Previously, we reported that FDG-PET is not only useful for differentiating between pancreatic cancer and chronic pancreatitis but also for detecting small early pancreatic tumors [18]. It has been reported that the sensitivity of FDG-PET is 85–100% and the specificity is 53–100% for diagnosis of pancreatic carcinoma [1822]. However, the ability of FDG-PET to detect small metastases is quite limited and this imaging modality has not been found to significantly increase the accuracy of diagnosing metastasis [8].

For identifying metastatic lymph nodes, it has been reported that FDG-PET is superior to morphologic imaging because it provides functional data, and thus has better sensitivity and specificity than CT [23]. However, technical limitations include relatively poor spatial resolution with diminished and/or incorrect anatomical localization, and missing small regions of increased tracer uptake. Thus, the actual sensitivity of FDG-PET for lymph node metastasis of pancreatic cancer has been reported to be between 46 and 71%, with a specificity ranging between 63 and 100% [2428]. Although it is true that patients with obviously unresectable disease were not included in our study, so the true sensitivity and specificity of FDG-PET would be expected to be higher than shown by our results, FDG-PET data would not change the clinical management of the vast majority of patients previously evaluated by CT.

To obtain more accurate and simpler methods for diagnosis of PALN metastasis, further development of diagnostic modalities will be necessary.

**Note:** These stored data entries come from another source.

text \<open>With \<open>K = k (m + 3)\<close> and \<open>\<sigma> = \<chi>\<^sub>k\<^sub>1 \<circ> \<dots> \<circ> \<chi>\<^sub>k\<^sub>(\<^sub>m\<^sub>+\<^sub>2\<^sub>)\<close>, the image of \<open>2 y\<close> contains
  \<open>\<sigma>(1)\<^sup>K \<sigma>(\<chi>\<^sub>K y)\<close>, and each of these \<open>K + 1\<close> blocks begins with \<open>(\<chi>\<^sub>k\<^sub>1 \<circ> \<dots> \<circ> \<chi>\<^sub>k\<^sub>m)(3)\<close>.\<close>
lemma return_time_multiple:
  assumes y: "factor_at_level k (Suc (Suc (Suc m))) [2, y]"
    and L: "L \<le> length (comp_subst k m [3])"
    and i: "i \<le> k (Suc (Suc (Suc m)))"
  shows "return_time k L (i * length (comp_subst k (Suc (Suc m)) [1]))"
proof -
  let ?n = "Suc (Suc m)" and ?K = "k (Suc (Suc (Suc m)))"
  let ?\<sigma> = "comp_subst k ?n" and ?c = "chi (k (Suc (Suc (Suc m)))) y"
  have "factor_at_level k ?n (3 # replicate ?K 1 @ ?c)"
    using factor_at_level_subst_word[OF y] by simp
  then obtain P where
    "rho_reads k P (?\<sigma> [3] @ concat (replicate ?K (?\<sigma> [1])) @ ?\<sigma> ?c)"
    using factor_at_level_rho_reads comp_subst_3_ones by metis
  then have P: "rho_reads k (P + length (?\<sigma> [3])) (concat (replicate ?K (?\<sigma> [1])) @ ?\<sigma> ?c)"
    by (simp add: rho_reads_append)
  have "y \<in> {1, 2, 3}"
    using factor_at_level_letters[OF y] by simp
  then have "?c \<noteq> []"
    by (rule chi_nonempty)
  then obtain c0 c' where c: "?c = c0 # c'" "c0 \<in> {1, 2, 3}"
    using chi_letters[of ?K y] by (cases ?c) auto
  have block: "rho_reads k (P + length (?\<sigma> [3]) + j * length (?\<sigma> [1])) (comp_subst k m [3])"
    if "j \<le> ?K" for j
  proof -
    have reads: "rho_reads k (P + length (?\<sigma> [3]) + j * length (?\<sigma> [1]))
        (concat (replicate (?K - j) (?\<sigma> [1])) @ ?\<sigma> ?c)"
      using rho_reads_concat_replicate[OF P that] .
    obtain r where "concat (replicate (?K - j) (?\<sigma> [1])) @ ?\<sigma> ?c = comp_subst k m [3] @ r"
    proof (cases "?K - j")
      case 0
      then show ?thesis
        using that comp_subst_Suc_Suc_prefix[OF c(2), of k m c'] c(1) by auto
    next
      case (Suc q)
      then show ?thesis
        using that comp_subst_Suc_Suc_prefix[of 1 k m "[]"] by auto
    qed
    with reads show ?thesis
      by (simp only: rho_reads_append)
  qed
  show ?thesis
    using return_time_of_rho_reads[OF block[of 0] _ L] block[OF i] by (simp add: add.assoc)
qed

section \<open>The subshift and its eigenfunctions\<close>

lemma open_cylinder: "open {y :: nat \<Rightarrow> nat. \<forall>i<L. y i = x i}"
proof -
  have "open {y :: nat \<Rightarrow> nat. \<forall>i\<in>{..<L}. y ((\<lambda>i. i) i) \<in> (\<lambda>i. {x i}) i}"
    by (rule product_topology_basis') (auto intro: open_discrete)
  moreover have "{y :: nat \<Rightarrow> nat. \<forall>i\<in>{..<L}. y ((\<lambda>i. i) i) \<in> (\<lambda>i. {x i}) i} = {y. \<forall>i<L. y i = x i}"
    by auto
  ultimately show ?thesis
    by simp
qed

lemma cylinder_subset_of_open:
  assumes "open (A :: (nat \<Rightarrow> nat) set)" and "x \<in> A"
  shows "\<exists>L. {y. \<forall>i<L. y i = x i} \<subseteq> A"
proof -
  have "openin (product_topology (\<lambda>i. euclidean) UNIV) A"
    using assms(1) by (simp add: open_fun_def)
  from product_topology_open_contains_basis[OF this assms(2)]
  obtain U where U: "x \<in> (\<Pi>\<^sub>E i\<in>UNIV. U i)" "finite {i. U i \<noteq> UNIV}"
    "(\<Pi>\<^sub>E i\<in>UNIV. U i) \<subseteq> A"
    by auto
  define L where "L = Suc (Max (insert 0 {i. U i \<noteq> UNIV}))"
  have "{y. \<forall>i<L. y i = x i} \<subseteq> (\<Pi>\<^sub>E i\<in>UNIV. U i)"
  proof
    fix y
    assume y: "y \<in> {y. \<forall>i<L. y i = x i}"
    have "y i \<in> U i" for i
    proof (cases "U i = UNIV")
      case False
      then have "i < L"
        using U(2) by (simp add: L_def le_imp_less_Suc)
      then show ?thesis
        using y U(1) by (auto simp: PiE_iff)
    qed simp
    then show "y \<in> (\<Pi>\<^sub>E i\<in>UNIV. U i)"
      by (simp add: PiE_UNIV_domain)
  qed
  with U(3) show ?thesis
    by blast
qed

lemma continuous_on_cylinder:
  fixes f :: "(nat \<Rightarrow> nat) \<Rightarrow> 'a::metric_space"
  assumes "continuous_on X f" and "x \<in> X" and "0 < e"
  shows "\<exists>L. \<forall>y\<in>X. (\<forall>i<L. y i = x i) \<longrightarrow> dist (f y) (f x) < e"
proof -
  obtain A where A: "open A" "x \<in> A" "\<forall>y\<in>X. y \<in> A \<longrightarrow> f y \<in> ball (f x) e"
    using assms unfolding continuous_on_topological by (metis centre_in_ball open_ball)
  obtain L where "{y. \<forall>i<L. y i = x i} \<subseteq> A"
    using cylinder_subset_of_open[OF A(1,2)] by blast
  with A(3) show ?thesis
    by (auto simp: dist_commute)
qed

lemma uniformly_continuous_on_cylinders:
  fixes f :: "(nat \<Rightarrow> nat) \<Rightarrow> 'a::metric_space"
  assumes "compact X" and "continuous_on X f" and "0 < e"
  shows "\<exists>L. \<forall>x\<in>X. \<forall>y\<in>X. (\<forall>i<L. x i = y i) \<longrightarrow> dist (f x) (f y) < e"
proof -
  have "\<exists>L. \<forall>y\<in>X. (\<forall>i<L. y i = x i) \<longrightarrow> dist (f y) (f x) < e / 2" if "x \<in> X" for x
    using continuous_on_cylinder[OF assms(2) that, of "e / 2"] assms(3) by simp
  then obtain Lx where Lx: "\<forall>x\<in>X. \<forall>y\<in>X. (\<forall>i<Lx x. y i = x i) \<longrightarrow> dist (f y) (f x) < e / 2"
    by metis
  have "X \<subseteq> (\<Union>x\<in>X. {y. \<forall>i<Lx x. y i = x i})"
    by auto
  obtain C where C: "C \<subseteq> X" "finite C" "X \<subseteq> (\<Union>x\<in>C. {y. \<forall>i<Lx x. y i = x i})"
    by (rule compactE_image[OF assms(1) open_cylinder \<open>X \<subseteq> _\<close>])
  define L where "L = Max (insert 0 (Lx ` C))"
  have "dist (f x) (f y) < e" if xy: "x \<in> X" "y \<in> X" "\<forall>i<L. x i = y i" for x y
  proof -
    obtain c where c: "c \<in> C" "\<forall>i<Lx c. x i = c i"
      using C(3) xy(1) by blast
    have "Lx c \<le> L"
      unfolding L_def using C(2) c(1) by simp
    then have "\<forall>i<Lx c. y i = c i"
      using c(2) xy(3) by auto
    then have "dist (f y) (f c) < e / 2" "dist (f x) (f c) < e / 2"
      using Lx C(1) c xy(1,2) by blast+
    then show ?thesis
      using dist_triangle_half_l by blast
  qed
  then show ?thesis
    by blast
qed

lemma shift_power: "(shift ^^ n) x = (\<lambda>i. x (i + n))"
  by (induction n) (auto simp: shift_def)

lemma shift_power_rho_in_subshiftX: "(shift ^^ P) (rho k) \<in> subshiftX k"
  unfolding subshiftX_def by (rule closure_subset[THEN subsetD]) blast

lemma compact_subshiftX:
  assumes "\<forall>n. \<exists>p>n. 2 \<le> k p"
  shows "compact (subshiftX k)"
proof -
  define K where "K = (\<Pi>\<^sub>E i\<in>(UNIV :: nat set). ({1, 2, 3} :: nat set))"
  have "compactin (product_topology (\<lambda>i. euclidean) UNIV) K"
    unfolding K_def compactin_PiE by (simp add: finite_imp_compact)
  then have "compact K"
    by (simp add: euclidean_product_topology)
  have "closed ({1, 2, 3} :: nat set)"
    unfolding closed_def by (rule open_discrete)
  then have "closedin (product_topology (\<lambda>i. euclidean) UNIV) K"
    unfolding K_def closedin_product_topology closed_closedin by blast
  then have "closed K"
    unfolding closed_closedin euclidean_product_topology .
  have "range (\<lambda>n. (shift ^^ n) (rho k)) \<subseteq> K"
    using rho_letters[OF assms] by (auto simp: K_def shift_power)
  then have "subshiftX k \<subseteq> K"
    unfolding subshiftX_def using \<open>closed K\<close> by (rule closure_minimal)
  with \<open>compact K\<close> show ?thesis
    unfolding subshiftX_def by (metis closed_closure compact_Int_closed inf.absorb_iff2)
qed

lemma abs_diff_round_lt_of_cos_lt:
  fixes x d :: real
  assumes d: "0 < d" "d \<le> 1 / 2" and cos_less: "cos (2 * pi * d) < cos (2 * pi * x)"
  shows "\<bar>x - round x\<bar> < d"
proof (rule ccontr)
  assume "\<not> ?thesis"
  moreover have "\<bar>x - round x\<bar> \<le> 1 / 2"
    using of_int_round_abs_le[of x] by (simp add: abs_minus_commute)
  ultimately have "cos (2 * pi * \<bar>x - round x\<bar>) \<le> cos (2 * pi * d)"
    using d by (intro cos_monotone_0_pi_le) auto
  moreover have "cos (2 * pi * x) = cos (2 * pi * \<bar>x - round x\<bar>)"
  proof -
    have "cos (2 * pi * x) = cos (2 * pi * (x - round x) + 2 * pi * of_int (round x))"
      by (simp add: algebra_simps)
    also have "\<dots> = cos \<bar>2 * pi * (x - round x)\<bar>"
      by (simp add: cos_add)
    finally show ?thesis
      by (simp add: abs_mult)
  qed
  ultimately show False
    using cos_less by simp
qed

lemma continuous_eigenvalue_subshiftX_orbit:
  assumes "continuous_eigenvalue (subshiftX k) shift c"
  obtains f where "continuous_on (subshiftX k) f" and "f (rho k) \<noteq> 0"
    and "\<And>P. f ((shift ^^ P) (rho k)) = c ^ P * f (rho k)"
proof -
  obtain f where cont: "continuous_on (subshiftX k) f" and nonzero: "\<exists>x\<in>subshiftX k. f x \<noteq> 0"
    and eigen: "\<forall>x\<in>subshiftX k. f (shift x) = c * f x"
    using assms unfolding continuous_eigenvalue_def by blast
  have f_orbit: "f ((shift ^^ P) (rho k)) = c ^ P * f (rho k)" for P
    by (induction P) (use eigen shift_power_rho_in_subshiftX in auto)
  have "f (rho k) \<noteq> 0"
  proof
    assume "f (rho k) = 0"
    then have "f x = 0" if "x \<in> subshiftX k" for x
      using continuous_constant_on_closure[of "range (\<lambda>P. (shift ^^ P) (rho k))" f 0 x]
        cont f_orbit that unfolding subshiftX_def by auto
    with nonzero show False
      by blast
  qed
  with cont f_orbit show ?thesis
    using that by blast
qed

text \<open>Since an eigenfunction \<open>f\<close> is uniformly continuous, long common windows in \<open>\<rho>\<close> at distance
  \<open>h\<close> force \<open>f \<circ> \<sigma>\<^sup>h\<close> and \<open>f\<close> to be close, hence \<open>e\<^sup>2\<^sup>\<pi>\<^sup>i\<^sup>\<xi>\<^sup>h\<close> to be close to \<open>1\<close>.\<close>
lemma eigenvalue_return_time_near_integer:
  assumes compact: "compact (subshiftX k)"
    and eigen: "continuous_eigenvalue (subshiftX k) shift (cis (2 * pi * \<xi>))"
    and \<delta>: "0 < \<delta>" "\<delta> \<le> 1 / 2"
  shows "\<exists>L. \<forall>h. return_time k L h \<longrightarrow> \<bar>\<xi> * real h - round (\<xi> * real h)\<bar> < \<delta>"
proof -
  define c where "c = cis (2 * pi * \<xi>)"
  obtain f where cont: "continuous_on (subshiftX k) f" and f0: "f (rho k) \<noteq> 0"
    and f_orbit: "\<And>P. f ((shift ^^ P) (rho k)) = c ^ P * f (rho k)"
    using continuous_eigenvalue_subshiftX_orbit[OF eigen[folded c_def]] by blast
  have "cos (2 * pi * \<delta>) < 1"
    using cos_monotone_0_pi[of 0 "2 * pi * \<delta>"] \<delta> by simp
  then have "0 < (1 - cos (2 * pi * \<delta>)) * norm (f (rho k))"
    using f0 by simp
  then obtain L where L: "\<forall>x\<in>subshiftX k. \<forall>y\<in>subshiftX k. (\<forall>i<L. x i = y i) \<longrightarrow>
      dist (f x) (f y) < (1 - cos (2 * pi * \<delta>)) * norm (f (rho k))"
    using uniformly_continuous_on_cylinders[OF compact cont] by blast
  have "\<bar>\<xi> * real h - round (\<xi> * real h)\<bar> < \<delta>" if "return_time k L h" for h
  proof -
    obtain P where "\<forall>s<L. rho k (P + s) = rho k (P + h + s)"
      using \<open>return_time k L h\<close> unfolding return_time_def by blast
    then have "\<forall>i<L. (shift ^^ P) (rho k) i = (shift ^^ (P + h)) (rho k) i"
      by (simp add: shift_power add.commute add.left_commute)
    then have close: "dist (f ((shift ^^ P) (rho k))) (f ((shift ^^ (P + h)) (rho k)))
        < (1 - cos (2 * pi * \<delta>)) * norm (f (rho k))"
      using L shift_power_rho_in_subshiftX by blast
    have "f ((shift ^^ P) (rho k)) - f ((shift ^^ (P + h)) (rho k)) = c ^ P * ((1 - c ^ h) * f (rho k))"
      by (simp add: f_orbit power_add algebra_simps)
    then have "dist (f ((shift ^^ P) (rho k))) (f ((shift ^^ (P + h)) (rho k)))
        = norm (c ^ h - 1) * norm (f (rho k))"
      by (simp add: dist_norm norm_mult norm_power c_def norm_minus_commute)
    with close f0 have "norm (c ^ h - 1) < 1 - cos (2 * pi * \<delta>)"
      by simp
    moreover have "1 - cos (2 * pi * (\<xi> * real h)) \<le> norm (c ^ h - 1)"
      using abs_Re_le_cmod[of "c ^ h - 1"] by (simp add: c_def Complex.DeMoivre mult_ac)
    ultimately have "cos (2 * pi * \<delta>) < cos (2 * pi * (\<xi> * real h))"
      by linarith
    then show ?thesis
      by (rule abs_diff_round_lt_of_cos_lt[OF \<delta>])
  qed
  then show ?thesis
    by blast
qed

Diffusion-weighted MRI (DWI), MRI using lymphotropic contrast agents, and combined PET-CT imaging seem to be the most promising modalities currently available for accurate lymph node evaluation [24, 29]. Although further technical advances are necessary to improve spatial resolution and to reduce susceptibility and motion artifacts, it is expected that it may become possible to characterize even small lymph nodes as benign or malignant in the future [30].

For example, dextran-coated ultra-small superparamagnetic iron oxide particles (USPIOs) have previously been evaluated for specifically enhancing lymphatic tissues and for discriminating between malignant and benign lymph nodes [24]. Recently, lymphotrophic nanoparticle-enhanced MRI (LNMRI) has emerged as a promising imaging tool for lymph nodes, and it has been reported that LNMRI has a significantly higher sensitivity and negative predictive value than CT [31, 32].

Moreover, other new MRI contrast agents, such as T1-enhancing contrast agents and targeted MR contrast agents have been also evaluated for lymph node imaging [24]. Combined PET–CT employs the functional physiological information obtained by FDG-PET and the detailed anatomical information provided by CT to localize diseased lymph nodes more specifically than can be done with a single imaging modality [23, 24]; however, differentiating inflammation from malignancy and detecting microscopic metastases must still be regarded as limitations of PET–CT [33].

In conclusion, preoperative detection of PALN metastasis is difficult in patients who are considered to be candidates for resection of pancreatic cancer and intraoperative histology is absolutely necessary. It seems that discrimination between benign and malignant lymph nodes by current imaging modalities is almost impossible, and further development of imaging methods that include functional and qualitative assessment may be necessary. Until then, intraoperative frozen-section examination of PALN is recommended before other surgical procedures are performed in patients with pancreatic cancer.